The Whopper: the ultimate MSG propaganda

At the Truth in Labeling Campaign website there’s a page called “Six Big Fat Lies.”  That’s where we revealed what we thought were the favorite propaganda tactics of the glutamate-industry. But we failed to tell you about The Whopper, arguably the biggest, most often repeated and most damaging lie of all.

Unwrapping The Whopper

On April 8, I spoke to Dr. Nancy Turner, Professor and Chair of the Department of Food Science and Human Nutrition at Michigan State University. I had called to ask her how the damage done by Robin Tucker’s statements in MSU’s Serving Up Science: “Umami: The Most Complex Taste” podcast was going to be redressed.

It was following that conversation that the light finally dawned on me. Turner was telling me that humans couldn’t eat enough Manufactured free Glutamic acid (MfG) to cause the brain damage, endocrine disorders, and assorted reactions that the laboratory animals had experienced. That MfG in that quantity wasn’t available. It was then I finally got it. That was the lie that now permeates glutamate-industry propaganda. That was the lie they were using to sell the American public on the notion that MfG is a harmless food additive – and to make money from selling monosodium glutamate, hydrolyzed proteins, autolyzed yeast, maltodextrin, etc.

There will always be Six Big Fat Lies. But all six together can’t hold a candle to the brilliance and the selling power of The Whopper: The lie that we aren’t exposed to enough MfG in processed foods to cause us any harm.

Here’s a little test you can do. Take along a list of the names of ingredients that contain MfG to any store (health-food stores included) and simply read the ingredients listed on the labels of processed foods. I challenge you to find 10 products that don’t contain at least one of the ingredients on that list. And every one of them contains MfG. Think about it. In the course of a day consider how many of those MfG-containing products are in the meals and snacks you enjoy. Include restaurant foods in your tally.
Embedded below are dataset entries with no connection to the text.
(* Let $\bm{C}\in\mathbb{R}^{n\times m}$ have i.i.d. entries $\bm{C}_{ij}\sim\mathrm{Unif}(0,1)$ (so that $\mathbb{P}(\mathrm{rk}(\bm{C})<\min\{n,m\})=0$), and let $\bm{a}\in\Delta_n$, $\bm{b}\in\Delta_m$ have strictly positive entries. Then, with probability one, the entrywise exponentials $\exp\{\bm{C}\}$ and $\exp\{-\bm{C}\}$ have full rank $\min\{n,m\}$, and the output $\mathrm{diag}(\bm{u})\,e^{-\bm{C}}\,\mathrm{diag}(\bm{v})$ of the Sinkhorn algorithm $\textit{Sinkhorn}(e^{-\bm{C}},\bm{a},\bm{b})$ has full rank $\min\{n,m\}$.
   Context: The Sinkhorn algorithm with kernel $\bm{K}\in\mathbb{R}_{>0}^{n\times m}$ and marginals $\bm{a},\bm{b}$ starts from $\bm{u}=\bm{1}_n$, $\bm{v}=\bm{1}_m$ and alternates the updates $\bm{u}\gets\bm{a}/(\bm{K}\bm{v})$, $\bm{v}\gets\bm{b}/(\bm{K}^{\mathrm T}\bm{u})$ (entrywise division), returning $\mathrm{diag}(\bm{u})\bm{K}\mathrm{diag}(\bm{v})$. $\Delta_d$ denotes the probability simplex in $\mathbb{R}^d$. *)

theory Defs
  imports "HOL-Analysis.Analysis" "HOL-Probability.Probability"
begin

definition prob_simplex :: "(real^'d) set" where
  "prob_simplex = {x. (\<forall>i. 0 \<le> x $ i) \<and> (\<Sum>i\<in>UNIV. x $ i) = 1}"

definition diag_mat :: "real^'n \<Rightarrow> real^'n^'n" where
  "diag_mat x = (\<chi> i j. if i = j then x $ i else 0)"

fun sinkhorn_uv :: "real^'m^'n \<Rightarrow> real^'n \<Rightarrow> real^'m \<Rightarrow> nat \<Rightarrow> (real^'n) \<times> (real^'m)" where
  "sinkhorn_uv K a b 0 = ((\<chi> i. 1), (\<chi> j. 1))"
| "sinkhorn_uv K a b (Suc N) =
     (let (u, v) = sinkhorn_uv K a b N;
          u' = (\<chi> i. a $ i / (K *v v) $ i);
          v' = (\<chi> j. b $ j / (transpose K *v u') $ j)
      in (u', v'))"

definition sinkhorn :: "real^'m^'n \<Rightarrow> real^'n \<Rightarrow> real^'m \<Rightarrow> nat \<Rightarrow> real^'m^'n" where
  "sinkhorn K a b N = (case sinkhorn_uv K a b N of (u, v) \<Rightarrow> diag_mat u ** K ** diag_mat v)"

end

theory Submission
  imports Defs
begin

(* A square minor of a matrix whose entries are distinct independent atomless random variables
   is a multilinear polynomial in them, and its diagonal monomial has coefficient 1.
   Such a polynomial vanishes with probability zero, by induction on the variables: write it as
   z * Q + R with z independent of Q and R and Q almost surely nonzero; then it vanishes only
   where z = - R / Q, a null event because z has no atoms. Applied to a maximal square minor of
   exp C and of exp (- C) this gives full rank almost surely, and the Sinkhorn output
   diag u * exp (- C) * diag v has the same rank as exp (- C) because u and v stay positive. *)

lemma rank_eq_card_rows_if_column_minor:
  fixes A :: "real^'m^'n" and \<sigma> :: "'n \<Rightarrow> 'm"
  assumes "det (\<chi> i k. A $ i $ \<sigma> k) \<noteq> 0"
  shows "rank A = CARD('n)"
proof -
  define P :: "real^'n^'m" where "P = (\<chi> j k. if j = \<sigma> k then 1 else 0)"
  have "A ** P = (\<chi> i k. A $ i $ \<sigma> k)"
    by (simp add: P_def matrix_matrix_mult_def vec_eq_iff if_distrib[of "\<lambda>t. _ * t"] cong: if_cong)
  then have "rank (A ** P) = CARD('n)"
    using assms rank_bound[of "A ** P"] by (simp add: det_eq_0_rank)
  then show ?thesis
    using rank_mul_le_left[of A P] rank_bound[of A] by simp
qed

lemma rank_eq_card_columns_if_row_minor:
  fixes A :: "real^'m^'n" and \<sigma> :: "'m \<Rightarrow> 'n"
  assumes "det (\<chi> k j. A $ \<sigma> k $ j) \<noteq> 0"
  shows "rank A = CARD('m)"
proof -
  have "det (\<chi> j k. transpose A $ j $ \<sigma> k) \<noteq> 0"
    using assms det_transpose[of "\<chi> k j. A $ \<sigma> k $ j"] by (simp add: transpose_def)
  then show ?thesis
    using rank_eq_card_rows_if_column_minor rank_transpose by metis
qed

lemma rank_mult_invertible:
  fixes A :: "real^'m^'n" and P :: "real^'n^'n" and Q :: "real^'m^'m"
  assumes "invertible P" "invertible Q"
  shows "rank (P ** A ** Q) = rank A"
proof (rule antisym)
  show "rank (P ** A ** Q) \<le> rank A"
    by (metis rank_mul_le_left rank_mul_le_right order_trans)
  obtain P' Q' where "P' ** P = mat 1" "Q ** Q' = mat 1"
    using assms by (meson invertible_def)
  then have "A = P' ** (P ** A ** Q) ** Q'"
    by (metis matrix_mul_assoc matrix_mul_lid matrix_mul_rid)
  then show "rank A \<le> rank (P ** A ** Q)"
    by (metis rank_mul_le_left rank_mul_le_right order_trans)
qed
(* Fix a circular arrangement and write r(v) for the number of vertices other than v that
   are non-adjacent to v.  Since the out- and in-neighbourhoods of every vertex are arcs
   starting/ending at it, there is no induced in-star or out-star; hence every common
   neighbour b of a non-adjacent pair a, c is the middle of an induced path a b c or c b a,
   and exactly one of them by 2-freeness.  Inclusion-exclusion on common neighbourhoods
   turns this into the identity
       2 P3 = n * sum r(v) - 2 * sum r(v)^2 + #(ordered independent triples).
   Each independent triple is assigned to the vertex v opposite its longest arc; the triples
   with apex v inject into lattice points of a triangle whose size is governed by the in- and
   out-degrees of v, and an elementary lattice point count gives a per-vertex bound.  Summing
   8 (n r - 2 r^2) + 8 (lattice count) <= n^2 over all vertices yields 16 P3 <= n^3. *)

section \<open>Lattice points in a triangle\<close>

(* The lattice points (u,w) with 2u + w <= a and u + 2w <= b; independent triples with a
   fixed apex are encoded by such points. *)
definition tri_pts :: "int \<Rightarrow> int \<Rightarrow> (nat \<times> nat) set" where
  "tri_pts a b = {(u,w). 2 * int u + int w \<le> a \<and> int u + 2 * int w \<le> b}"

definition tri_card :: "int \<Rightarrow> int \<Rightarrow> nat" where
  "tri_card a b = card (tri_pts a b)"

(* Number of points of tri_pts a b lying on one of the two coordinate axes. *)
definition rim :: "int \<Rightarrow> int \<Rightarrow> int" where
  "rim a b = (if a < 0 \<or> b < 0 then 0 else min a (b div 2) + 1 + min (a div 2) b)"

lemma finite_tri_pts: "finite (tri_pts a b)"
proof (rule finite_subset)
  show "tri_pts a b \<subseteq> {0..nat a} \<times> {0..nat b}" unfolding tri_pts_def by auto
qed simp

lemma tri_card_neg: "a < 0 \<or> b < 0 \<Longrightarrow> tri_card a b = 0"
  unfolding tri_card_def tri_pts_def by (auto intro!: card_eq_0_iff[THEN iffD2])
(* Let $V=x\partial_x+y\partial_y$ on $\mathrm{SL}(2,\mathbb R)$. (1) The only $\mathcal N$-invariant $V$-translators are the surfaces $\Sigma_{\theta_0}$ and the surfaces parametrized by $(s,t)\mapsto (t,y(s),\theta(s))$ with generating curve $\alpha(s)=(y(s),\theta(s))=\big(c(1+\cos(\sqrt2(s-s_0))),\,s\big)$, where $c>0$, $s_0\in\mathbb R$ (and $\frac{s-s_0}{\sqrt2}\in(-\frac\pi2,\frac\pi2)$). (2) The only $\mathcal A$-invariant $V$-translators are the surfaces $\Sigma_{\theta_0}$ and the surface $\Sigma_{x_0}$ with $x_0=0$. (3) Let $\Sigma$ be a rotational surface whose generating curve $\alpha(s)=(x(s),y(s))$ satisfies $x'=2y\cos\varphi$, $y'=2y\sin\varphi$. If $\Sigma$ is a $V$-translator, then $$\varphi'=-\frac{y\cos\varphi+x\sin\varphi}{y}.$$
   Context: $\mathrm{SL}(2,\mathbb R)$ is given global coordinates $(x,y,\theta)\in\mathbb R\times(0,\infty)\times\mathbb R$ via $(x,y,\theta)\mapsto \begin{pmatrix}1&x\\0&1\end{pmatrix}\begin{pmatrix}\sqrt y&0\\0&1/\sqrt y\end{pmatrix}\begin{pmatrix}\cos\theta&\sin\theta\\-\sin\theta&\cos\theta\end{pmatrix}$, with the metric $\langle\,,\rangle=\frac{dx^2+dy^2}{4y^2}+\left(d\theta+\frac{dx}{2y}\right)^2$. Orthonormal frame: $e_1=2y\partial_x-\partial_\theta$, $e_2=2y\partial_y$, $e_3=\partial_\theta$; the Killing field $V=x\partial_x+y\partial_y$ equals $\frac{1}{2y}(xe_1+ye_2+xe_3)$. A surface with unit normal $N$ and mean curvature $H$ (average of principal curvatures w.r.t. $N$) is a $V$-translator if $H=\langle N,V\rangle$. $\mathcal N$-invariant surfaces: parametrized as $(s,t)\mapsto(t,y(s),\theta(s))$; $N=\frac{y'}{\sqrt2\Phi}(e_1-e_3)+\frac{\sqrt2 y\theta'}{\Phi}e_2$, $H=\frac{\sqrt2 y^2}{\Phi^3}(\theta'y''-y'\theta''+2y\theta'^3)$, $\Phi=\sqrt{y'^2+2y^2\theta'^2}$. $\mathcal A$-invariant surfaces: parametrized as $(s,t)\mapsto(x(s),t,\theta(s))$, $t>0$; $N=\frac1\Phi(-(x'+2t\theta')e_1+x'e_3)$, $H=\frac{2t^2}{\Phi^3}(x'\theta''-\theta'x'')$, $\Phi=\sqrt{(x'+2t\theta')^2+x'^2}$. Rotational surfaces: parametrized as $(s,t)\mapsto(x(s),y(s),t)$; when $x'=2y\cos\varphi$, $y'=2y\sin\varphi$, $N=-\sin\varphi\,e_1+\cos\varphi\,e_2$ and $H=\frac{\varphi'}{2}+\cos\varphi$. $\Sigma_{x_0}=\{x=x_0\}$, $\Sigma_{\theta_0}=\{\theta=\theta_0\}$ for constants $x_0,\theta_0$. *)

theory Defs
  imports "HOL-Analysis.Analysis"
begin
For those who want to get into the science of MfG toxicity consider the following:

An individual’s reaction to MfG depends on both the vulnerability and sensitivity of his or her glutamate receptors. Lack of blood-brain barrier(BBB) development in the unborn (fetus) and the infant make them extremely vulnerable to exposure to MfG passed through their mothers’ diets. Damage done to the BBBs of mature humans through use of drugs, seizures, stroke, trauma to the head, hypoglycemia, hypertension, extreme physical stress, high fever, and the normal process of aging render them more vulnerable than others.

Individual sensitivity may also be related to the integrity of cells or groups of cells that control a particular function. There might well be times when one ingests enough MfG to damage a cell, but not enough to kill it, or damage some of the cells in a group that control a particular function but not enough to knock out all of them. Some MfG-sensitive people report that they can knowingly ingest MfG in a favorite food on one occasion without noticing a reaction, but notice a reaction when that same food is consumed several days in a row.

Reports from consumers tell us that intensity or severity of reactions appear to be affected by alcohol ingestion and/or exercise just prior to, or immediately following MSG ingestion; and some women report variations in their reactions at different times in their menstrual cycles.

The bottom line is that Dr. Turner has no idea whatsoever how much MfG an individual is taking in on a daily basis, nor how sensitive he or she might be at any given time to MfG’s effects. Turner bought into the glutamate-industry line that there isn’t enough MfG available in processed food to cause brain damage and adverse reactions. She’s helping spread The Whopper. And shamefully, she didn’t do the very thing that a Professor in the Department of Food Science and Human Nutrition at Michigan State University must certainly teach her students: “Check it out.”

Be aware. Be informed. Check it out. Don’t buy into The Whopper.